Collected data:

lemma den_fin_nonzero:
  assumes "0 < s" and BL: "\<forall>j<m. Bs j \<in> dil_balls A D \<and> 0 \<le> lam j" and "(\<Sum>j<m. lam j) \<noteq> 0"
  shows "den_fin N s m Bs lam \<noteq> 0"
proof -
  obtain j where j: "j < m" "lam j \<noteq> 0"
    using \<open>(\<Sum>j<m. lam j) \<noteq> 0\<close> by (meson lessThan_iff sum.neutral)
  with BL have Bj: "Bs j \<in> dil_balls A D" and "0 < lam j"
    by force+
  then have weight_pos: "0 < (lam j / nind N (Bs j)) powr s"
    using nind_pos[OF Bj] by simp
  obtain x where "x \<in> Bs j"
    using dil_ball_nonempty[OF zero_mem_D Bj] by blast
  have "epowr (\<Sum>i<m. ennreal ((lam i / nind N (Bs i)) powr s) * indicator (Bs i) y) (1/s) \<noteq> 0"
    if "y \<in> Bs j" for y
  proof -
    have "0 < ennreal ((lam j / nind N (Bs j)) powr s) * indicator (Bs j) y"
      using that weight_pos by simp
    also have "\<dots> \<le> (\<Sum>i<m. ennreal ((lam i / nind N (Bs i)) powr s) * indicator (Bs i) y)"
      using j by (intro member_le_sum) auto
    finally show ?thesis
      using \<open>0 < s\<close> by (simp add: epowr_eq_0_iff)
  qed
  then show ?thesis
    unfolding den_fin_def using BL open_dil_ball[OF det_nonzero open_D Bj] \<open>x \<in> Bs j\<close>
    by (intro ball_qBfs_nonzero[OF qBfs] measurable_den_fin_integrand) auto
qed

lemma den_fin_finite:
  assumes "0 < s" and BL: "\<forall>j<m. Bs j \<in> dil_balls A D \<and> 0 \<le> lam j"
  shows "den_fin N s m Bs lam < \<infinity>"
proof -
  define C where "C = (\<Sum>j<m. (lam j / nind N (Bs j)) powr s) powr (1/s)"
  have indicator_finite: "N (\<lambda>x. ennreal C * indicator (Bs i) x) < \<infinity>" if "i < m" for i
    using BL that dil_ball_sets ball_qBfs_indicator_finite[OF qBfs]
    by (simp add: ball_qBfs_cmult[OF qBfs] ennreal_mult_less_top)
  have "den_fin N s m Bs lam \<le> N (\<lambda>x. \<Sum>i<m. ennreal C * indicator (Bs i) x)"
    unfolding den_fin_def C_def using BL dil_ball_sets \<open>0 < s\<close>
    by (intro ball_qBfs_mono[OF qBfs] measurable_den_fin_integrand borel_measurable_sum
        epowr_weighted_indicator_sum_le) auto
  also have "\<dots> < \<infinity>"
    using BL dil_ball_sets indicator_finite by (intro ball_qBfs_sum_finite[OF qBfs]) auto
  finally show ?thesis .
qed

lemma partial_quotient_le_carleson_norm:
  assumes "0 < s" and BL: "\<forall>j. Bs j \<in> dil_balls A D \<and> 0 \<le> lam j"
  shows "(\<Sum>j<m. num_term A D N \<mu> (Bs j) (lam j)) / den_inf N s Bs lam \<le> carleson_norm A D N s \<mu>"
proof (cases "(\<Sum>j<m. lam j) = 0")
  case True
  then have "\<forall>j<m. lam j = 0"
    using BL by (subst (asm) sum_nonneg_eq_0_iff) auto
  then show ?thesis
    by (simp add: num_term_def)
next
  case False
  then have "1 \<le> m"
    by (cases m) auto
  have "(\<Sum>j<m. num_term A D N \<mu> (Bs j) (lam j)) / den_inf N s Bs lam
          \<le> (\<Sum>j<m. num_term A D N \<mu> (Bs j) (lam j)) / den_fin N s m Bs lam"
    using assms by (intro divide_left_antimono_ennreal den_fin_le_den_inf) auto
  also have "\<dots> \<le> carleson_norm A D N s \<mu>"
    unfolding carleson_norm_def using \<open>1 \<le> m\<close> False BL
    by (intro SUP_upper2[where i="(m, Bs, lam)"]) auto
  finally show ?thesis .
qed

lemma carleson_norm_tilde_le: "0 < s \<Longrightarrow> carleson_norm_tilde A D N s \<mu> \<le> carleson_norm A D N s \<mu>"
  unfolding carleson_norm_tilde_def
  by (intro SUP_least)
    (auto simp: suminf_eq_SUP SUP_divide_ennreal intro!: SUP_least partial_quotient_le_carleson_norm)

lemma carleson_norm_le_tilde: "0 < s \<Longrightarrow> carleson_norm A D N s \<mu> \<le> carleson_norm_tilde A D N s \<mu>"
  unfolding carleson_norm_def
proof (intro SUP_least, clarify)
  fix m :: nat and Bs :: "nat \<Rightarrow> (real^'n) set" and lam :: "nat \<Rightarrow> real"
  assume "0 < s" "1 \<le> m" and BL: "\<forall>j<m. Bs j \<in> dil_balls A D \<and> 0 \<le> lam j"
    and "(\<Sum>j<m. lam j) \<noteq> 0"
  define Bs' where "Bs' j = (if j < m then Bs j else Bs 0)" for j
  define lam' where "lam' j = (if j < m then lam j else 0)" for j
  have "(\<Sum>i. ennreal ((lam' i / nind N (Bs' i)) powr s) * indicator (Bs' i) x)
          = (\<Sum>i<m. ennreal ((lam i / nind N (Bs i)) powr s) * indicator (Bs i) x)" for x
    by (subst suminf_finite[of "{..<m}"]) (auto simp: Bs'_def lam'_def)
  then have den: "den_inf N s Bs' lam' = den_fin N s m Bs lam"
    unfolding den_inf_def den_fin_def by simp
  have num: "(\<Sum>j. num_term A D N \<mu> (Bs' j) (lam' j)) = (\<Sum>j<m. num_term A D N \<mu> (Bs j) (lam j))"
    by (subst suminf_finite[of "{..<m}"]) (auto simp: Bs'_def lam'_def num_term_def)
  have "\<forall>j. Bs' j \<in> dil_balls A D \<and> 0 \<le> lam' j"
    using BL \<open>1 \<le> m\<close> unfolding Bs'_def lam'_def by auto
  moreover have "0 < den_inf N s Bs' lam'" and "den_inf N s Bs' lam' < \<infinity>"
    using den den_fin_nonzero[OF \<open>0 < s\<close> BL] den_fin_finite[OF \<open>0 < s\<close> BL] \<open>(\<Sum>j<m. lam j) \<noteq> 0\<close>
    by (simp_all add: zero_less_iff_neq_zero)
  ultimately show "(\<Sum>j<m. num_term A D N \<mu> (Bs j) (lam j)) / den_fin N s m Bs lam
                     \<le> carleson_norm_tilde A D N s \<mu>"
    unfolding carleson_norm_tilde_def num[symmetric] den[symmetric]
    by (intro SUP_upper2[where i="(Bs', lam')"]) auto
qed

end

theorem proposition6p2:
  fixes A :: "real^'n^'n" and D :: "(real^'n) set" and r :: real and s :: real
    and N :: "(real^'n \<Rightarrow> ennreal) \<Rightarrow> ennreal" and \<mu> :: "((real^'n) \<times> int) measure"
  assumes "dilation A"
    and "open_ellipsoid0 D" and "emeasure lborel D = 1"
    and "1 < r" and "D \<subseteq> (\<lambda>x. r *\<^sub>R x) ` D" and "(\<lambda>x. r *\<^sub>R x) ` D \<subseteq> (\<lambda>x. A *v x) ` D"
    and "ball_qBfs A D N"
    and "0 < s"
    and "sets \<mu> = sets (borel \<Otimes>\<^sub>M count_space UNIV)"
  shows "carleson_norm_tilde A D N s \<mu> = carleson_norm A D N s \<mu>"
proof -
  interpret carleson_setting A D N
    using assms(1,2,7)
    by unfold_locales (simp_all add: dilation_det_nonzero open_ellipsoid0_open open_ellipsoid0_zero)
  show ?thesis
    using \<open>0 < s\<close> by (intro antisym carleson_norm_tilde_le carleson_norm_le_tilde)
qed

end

PROBLEM DESCRIPTION: Please make an exact copy of the lines above from the line with "using BL that" through the line with "using BL dil_ball_sets indicator_finite", both ends included.

OUTPUT BELOW:
    using BL that dil_ball_sets ball_qBfs_indicator_finite[OF qBfs]
    by (simp add: ball_qBfs_cmult[OF qBfs] ennreal_mult_less_top)
  have "den_fin N s m Bs lam \<le> N (\<lambda>x. \<Sum>i<m. ennreal C * indicator (Bs i) x)"
    unfolding den_fin_def C_def using BL dil_ball_sets \<open>0 < s\<close>
    by (intro ball_qBfs_mono[OF qBfs] measurable_den_fin_integrand borel_measurable_sum
        epowr_weighted_indicator_sum_le) auto
  also have "\<dots> < \<infinity>"
    using BL dil_ball_sets indicator_finite by (intro ball_qBfs_sum_finite[OF qBfs]) auto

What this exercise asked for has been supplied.